Proposed mechanism of orlistat-associated AKI

Orlistat is thought to cause AKI through enteric hyperoxaluria, which can also be seen in patients with fat-malabsorption syndromes. In this mechanism, unabsorbed fat in the small bowel resulting from orlistat use produces calcium soaps, which reduce the availability of free enteric calcium [Ahmed, 2010]. As a result, calcium can no longer bind and sequester oxalate inside the gut and this allows increased intestinal oxalate absorption. This leads to increased renal oxalate excretion.
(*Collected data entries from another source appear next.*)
(* Write A_a and B_b for the elements of A and B of weight a and b. After truncating
   the matroid at |A|, A is a basis. Let rho(a,b) be the rank of B_b in the contraction by A - A_a,
   i.e. how many elements of B_b can be added independently to A - A_a.
   If rho(a,a) > 0, some element of B_a replaces one of A_a. If rho(a,b) >= 4 Delta for some a < b
   and rho(c,d) >= 4 Delta for some d < c, then c - d elements of B_b and b - a elements of B_d can
   be exchanged simultaneously for elements of A_a and A_c, and the weight changes
   (c - d)(b - a) and (b - a)(d - c) cancel; the simultaneous exchange comes from an
   intermediate-value argument along a basis-exchange walk.
   Otherwise, after possibly replacing w by -w, rho(a,b) < 4 Delta whenever b <= a. Submodularity
   of the rank then bounds |{x in B. w x <= t}| by |{x in A. w x < t}| + 4 Delta (2 Delta + 1)^2
   for every threshold t, and summing over t in [-Delta, Delta] gives
   |A| <= w(B) - w(A) + 4 Delta (2 Delta + 1)^3 < (2 Delta + 1)^5 + |w(A) - w(B)|, contradicting
   the size assumption. *)

lemma wsum_const:
  assumes "\<And>x. x \<in> X \<Longrightarrow> w x = c"
  shows "wsum w X = int (card X) * c"
  using assms unfolding wsum_def by simp

lemma wsum_Un_levels:
  assumes "finite X1" "finite X2" "X1 \<inter> X2 = {}" "\<And>x. x \<in> X1 \<Longrightarrow> w x = a" "\<And>x. x \<in> X2 \<Longrightarrow> w x = b"
  shows "wsum w (X1 \<union> X2) = int (card X1) * a + int (card X2) * b"
proof -
  have "wsum w (X1 \<union> X2) = wsum w X1 + wsum w X2"
    unfolding wsum_def using assms(1-3) by (rule sum.union_disjoint)
  then show ?thesis using wsum_const[of X1 w a] wsum_const[of X2 w b] assms(4,5) by simp
qed

lemma wsum_exchange:
  assumes "finite A" "finite Y" "X \<subseteq> A" "Y \<inter> A = {}"
  shows "wsum w ((A - X) \<union> Y) = wsum w A - wsum w X + wsum w Y"
proof -
  have "wsum w ((A - X) \<union> Y) = wsum w (A - X) + wsum w Y"
    unfolding wsum_def using assms by (intro sum.union_disjoint) auto
  moreover have "wsum w A = wsum w (A - X) + wsum w X"
    unfolding wsum_def using assms by (intro sum.subset_diff) auto
  ultimately show ?thesis by simp
qed

lemma wsum_uminus: "wsum (\<lambda>x. - w x) S = - wsum w S"
  unfolding wsum_def by (simp add: sum_negf)

lemma sum_card_filter_swap:
  assumes "finite X" "finite T"
  shows "(\<Sum>t\<in>T. card {x\<in>X. R x t}) = (\<Sum>x\<in>X. card {t\<in>T. R x t})"
proof -
  have "(\<Sum>t\<in>T. card {x\<in>X. R x t}) = (\<Sum>t\<in>T. \<Sum>x\<in>X. of_bool (R x t))"
    using assms(1) by (simp add: Int_def)
  also have "\<dots> = (\<Sum>x\<in>X. \<Sum>t\<in>T. of_bool (R x t))"
    by (rule sum.swap)
  also have "\<dots> = (\<Sum>x\<in>X. card {t\<in>T. R x t})"
    using assms(2) by (simp add: Int_def)
  finally show ?thesis .
qed

lemma sum_card_threshold:
  fixes u :: "'a \<Rightarrow> int"
  assumes "finite X" "\<And>x. x \<in> X \<Longrightarrow> l \<le> u x \<and> u x \<le> h + 1"
  shows "(\<Sum>\<theta>\<in>{l..h}. int (card {x\<in>X. u x \<le> \<theta>})) = (\<Sum>x\<in>X. h - u x + 1)"
proof -
  have "(\<Sum>\<theta>\<in>{l..h}. card {x\<in>X. u x \<le> \<theta>}) = (\<Sum>x\<in>X. card {\<theta>\<in>{l..h}. u x \<le> \<theta>})"
    using assms(1) by (rule sum_card_filter_swap) simp
  moreover have "{\<theta>\<in>{l..h}. u x \<le> \<theta>} = {u x..h}" if "x \<in> X" for x
    using assms(2)[OF that] by auto
  ultimately have "(\<Sum>\<theta>\<in>{l..h}. card {x\<in>X. u x \<le> \<theta>}) = (\<Sum>x\<in>X. nat (h - u x + 1))"
    by (simp cong: sum.cong)
  then have "(\<Sum>\<theta>\<in>{l..h}. int (card {x\<in>X. u x \<le> \<theta>})) = (\<Sum>x\<in>X. int (nat (h - u x + 1)))"
    by (simp only: flip: of_nat_sum)
  also have "\<dots> = (\<Sum>x\<in>X. h - u x + 1)"
    by (rule sum.cong[OF refl]) (use assms(2) in fastforce)
  finally show ?thesis .
qed

lemma sum_card_fibres:
  assumes "finite X" "finite T"
  shows "(\<Sum>t\<in>T. card {x\<in>X. u x = t}) = card {x\<in>X. u x \<in> T}"
proof -
  have "(\<Sum>t\<in>T. card {x\<in>X. u x = t}) = card (\<Union>t\<in>T. {x\<in>X. u x = t})"
    using assms by (intro card_UN_disjoint[symmetric]) auto
  also have "(\<Union>t\<in>T. {x\<in>X. u x = t}) = {x\<in>X. u x \<in> T}" by blast
  finally show ?thesis .
qed

(* Walk from K1 towards K2 by single exchanges: each step changes card (K \<inter> P) by at most one. *)
lemma exchange_family_intermediate_card:
  assumes exchange: "\<And>K K' x. K \<in> F \<Longrightarrow> K' \<in> F \<Longrightarrow> x \<in> K - K' \<Longrightarrow> \<exists>y\<in>K' - K. insert y (K - {x}) \<in> F"
    and finite: "\<And>K. K \<in> F \<Longrightarrow> finite K"
    and same_card: "\<And>K K'. K \<in> F \<Longrightarrow> K' \<in> F \<Longrightarrow> card K = card K'"
    and "K1 \<in> F" "K2 \<in> F" "card (K1 \<inter> P) \<le> t" "t \<le> card (K2 \<inter> P)"
  shows "\<exists>K\<in>F. card (K \<inter> P) = t"
  using assms(4,6)
proof (induction "card (K2 - K1)" arbitrary: K1 rule: less_induct)
  case less
  show ?case
  proof (cases "card (K1 \<inter> P) = t")
    case True
    with less.prems show ?thesis by blast
  next
    case False
    have "\<not> K1 \<subseteq> K2"
    proof
      assume "K1 \<subseteq> K2"
      then have "K1 = K2"
        using card_subset_eq finite same_card \<open>K2 \<in> F\<close> less.prems(1) by metis
      with False less.prems(2) \<open>t \<le> card (K2 \<inter> P)\<close> show False by simp
    qed
    then obtain x where x: "x \<in> K1 - K2" by blast
    obtain y where y: "y \<in> K2 - K1" "insert y (K1 - {x}) \<in> F"
      using exchange[OF less.prems(1) \<open>K2 \<in> F\<close> x] by blast
    have fin: "finite K1" "finite K2" using finite less.prems(1) \<open>K2 \<in> F\<close> by blast+
    have "card (insert y (K1 - {x}) \<inter> P) \<le> card (insert y (K1 \<inter> P))"
      using fin by (intro card_mono) auto
    also have "\<dots> \<le> card (K1 \<inter> P) + 1"
      using fin by (simp add: card_insert_if)
    finally have "card (insert y (K1 - {x}) \<inter> P) \<le> t"
      using less.prems(2) False by linarith
    moreover have "card (K2 - insert y (K1 - {x})) < card (K2 - K1)"
    proof -
      have "K2 - insert y (K1 - {x}) = (K2 - K1) - {y}" using x by blast
      then show ?thesis using card_Diff1_less[of "K2 - K1" y] y(1) fin by simp
    qed
    ultimately show ?thesis using less.hyps y(2) by blast
  qed
qed
definition strongly_connected :: "'a set \<Rightarrow> ('a \<times> 'a) set \<Rightarrow> bool" where
  "strongly_connected V A \<longleftrightarrow> (\<forall>v\<in>V. \<forall>w\<in>V. (v, w) \<in> A\<^sup>*)"

definition is_ordering :: "'a set \<Rightarrow> 'a list \<Rightarrow> bool" where
  "is_ordering V \<sigma> \<longleftrightarrow> distinct \<sigma> \<and> set \<sigma> = V"

definition fas_wrt :: "('a \<times> 'a) set \<Rightarrow> 'a list \<Rightarrow> ('a \<times> 'a) set" where
  "fas_wrt A \<sigma> = {(x, y) \<in> A. \<exists>i j. i < j \<and> j < length \<sigma> \<and> \<sigma> ! j = x \<and> \<sigma> ! i = y}"

definition feedback_arc_set :: "'a set \<Rightarrow> ('a \<times> 'a) set \<Rightarrow> ('a \<times> 'a) set \<Rightarrow> bool" where
  "feedback_arc_set V A S \<longleftrightarrow> (\<exists>\<sigma>. is_ordering V \<sigma> \<and> S = fas_wrt A \<sigma>)"

definition min_feedback_arc_set :: "'a set \<Rightarrow> ('a \<times> 'a) set \<Rightarrow> ('a \<times> 'a) set \<Rightarrow> bool" where
  "min_feedback_arc_set V A S \<longleftrightarrow> feedback_arc_set V A S \<and>
     (\<forall>S'. feedback_arc_set V A S' \<longrightarrow> card S \<le> card S')"

definition arc_verts :: "('a \<times> 'a) set \<Rightarrow> 'a set" where
  "arc_verts B = fst ` B \<union> snd ` B"

definition is_directed_path :: "'a set \<Rightarrow> ('a \<times> 'a) set \<Rightarrow> bool" where
  "is_directed_path W B \<longleftrightarrow> (\<exists>us. distinct us \<and> set us = W \<and>
      B = {(us ! i, us ! Suc i) | i. Suc i < length us})"

text \<open>Lights out: labels in Z_k represented by integers in {0..<k}.\<close>
definition toggle :: "('a \<times> 'a) set \<Rightarrow> int \<Rightarrow> 'a \<Rightarrow> ('a \<Rightarrow> int) \<Rightarrow> ('a \<Rightarrow> int)" where
  "toggle A k v l = (\<lambda>w. if w = v \<or> (v, w) \<in> A then (l w + 1) mod k else l w)"

definition play :: "('a \<times> 'a) set \<Rightarrow> int \<Rightarrow> 'a list \<Rightarrow> ('a \<Rightarrow> int) \<Rightarrow> ('a \<Rightarrow> int)" where
  "play A k vs l = foldl (\<lambda>l' v. toggle A k v l') l vs"

definition k_AW :: "nat \<Rightarrow> 'a set \<Rightarrow> ('a \<times> 'a) set \<Rightarrow> bool" where
  "k_AW k V A \<longleftrightarrow> (\<forall>l. (\<forall>v\<in>V. l v \<in> {0..<int k}) \<longrightarrow>
     (\<exists>vs. set vs \<subseteq> V \<and> (\<forall>v\<in>V. play A (int k) vs l v = 0)))"

end

theory Submission
  imports Defs "HOL-Number_Theory.Cong" "HOL-Library.FuncSet"
begin
section \<open>Spectral moments of the signless Laplacian\<close>

definition adj :: "(nat \<Rightarrow> nat \<Rightarrow> bool) \<Rightarrow> nat \<Rightarrow> nat \<Rightarrow> nat" where
  "adj E i j = of_bool (E i j)"

definition Q_entry :: "nat \<Rightarrow> (nat \<Rightarrow> nat \<Rightarrow> bool) \<Rightarrow> nat \<Rightarrow> nat \<Rightarrow> nat" where
  "Q_entry n E i j = (if i = j then deg n E i else adj E i j)"

definition closed_walks3 :: "nat \<Rightarrow> (nat \<Rightarrow> nat \<Rightarrow> bool) \<Rightarrow> nat" where
  "closed_walks3 n E = (\<Sum>i<n. \<Sum>k<n. \<Sum>l<n. adj E i k * adj E k l * adj E l i)"

lemma deg_eq_sum_adj: "deg n E i = (\<Sum>j<n. adj E i j)"
proof -
  have "(\<Sum>j<n. adj E i j) = card ({..<n} \<inter> {j. E i j})"
    by (simp add: adj_def sum.If_cases)
  also have "{..<n} \<inter> {j. E i j} = {j. j < n \<and> E i j}" by auto
  finally show ?thesis by (simp add: deg_def)
qed

lemma Q_matrix_carrier: "Q_matrix n E \<in> carrier_mat n n"
  by (simp add: Q_matrix_def)

lemma Q_matrix_index: "i < n \<Longrightarrow> j < n \<Longrightarrow> Q_matrix n E $$ (i,j) = of_nat (Q_entry n E i j)"
  by (simp add: Q_matrix_def Q_entry_def adj_def)

lemma size_Q_spectrum: "size (Q_spectrum n E) = n"
  using degree_monic_char_poly[OF Q_matrix_carrier] by (simp add: Q_spectrum_def size_proots_complex)

lemma card_triples_enumerating_3_set:
  assumes "card T = 3"
  shows "card {(i, k, l). {i, k, l} = T} = 6"
proof -
  obtain x y z where T: "T = {x, y, z}" and "x \<noteq> y" "y \<noteq> z" "x \<noteq> z"
    using assms by (auto simp: card_3_iff)
  then have "{(i, k, l). {i, k, l} = T} = {(x,y,z), (x,z,y), (y,x,z), (y,z,x), (z,x,y), (z,y,x)}"
  proof (intro equalityI subsetI)
    fix p assume "p \<in> {(i, k, l). {i, k, l} = T}"
    then obtain i k l where p: "p = (i, k, l)" and ikl: "{i, k, l} = {x, y, z}"
      using T by auto
    then have "card (set [i, k, l]) = length [i, k, l]"
      using \<open>x \<noteq> y\<close> \<open>y \<noteq> z\<close> \<open>x \<noteq> z\<close> by simp
    then have "distinct [i, k, l]"
      by (rule card_distinct)
    moreover have "i \<in> {x, y, z}" "k \<in> {x, y, z}" "l \<in> {x, y, z}"
      using ikl by blast+
    ultimately show "p \<in> {(x,y,z), (x,z,y), (y,x,z), (y,z,x), (z,x,y), (z,y,x)}"
      unfolding p by auto
  qed (auto simp: T)
  then show ?thesis
    using \<open>x \<noteq> y\<close> \<open>y \<noteq> z\<close> \<open>x \<noteq> z\<close> by simp
qed

context
  fixes n E assumes simple: "simple_graph n E"
begin

lemma adj_sym: "adj E i j = adj E j i"
  using simple by (auto simp: simple_graph_def adj_def)

lemma adj_irrefl [simp]: "adj E i i = 0"
  using simple by (auto simp: simple_graph_def adj_def)

lemma deg_le_n_minus_1:
  assumes "i < n"
  shows "deg n E i \<le> n - 1"
proof -
  have "{j. j < n \<and> E i j} \<subseteq> {..<n} - {i}"
    using simple by (auto simp: simple_graph_def)
  then have "deg n E i \<le> card ({..<n} - {i})"
    unfolding deg_def by (intro card_mono) auto
  then show ?thesis
    using assms by simp
qed

lemma Q_entry_sym: "Q_entry n E i j = Q_entry n E j i"
  by (simp add: Q_entry_def adj_sym)

lemma sum_Q_entry_row:
  assumes "i < n"
  shows "(\<Sum>k<n. Q_entry n E i k * X k) = deg n E i * X i + (\<Sum>k<n. adj E i k * X k)"
proof -
  have "Q_entry n E i k * X k = (if k = i then deg n E i * X i else 0) + adj E i k * X k" for k
    by (simp add: Q_entry_def)
  then show ?thesis
    using assms by (simp add: sum.distrib)
qed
Supersaturation of oxalate in renal tubules is a risk factor for calcium oxalate precipitation, which can result in AKI [Williams and Wandzilak, 1989; Holmes et al. 2001]. This mechanism is supported by the human reports of orlistat-associated AKI and also by the work of Ferraz and colleagues who observed increases in urinary oxalate excretion in rats with orlistat-induced fat malabsorption [Ferraz et al. 2004].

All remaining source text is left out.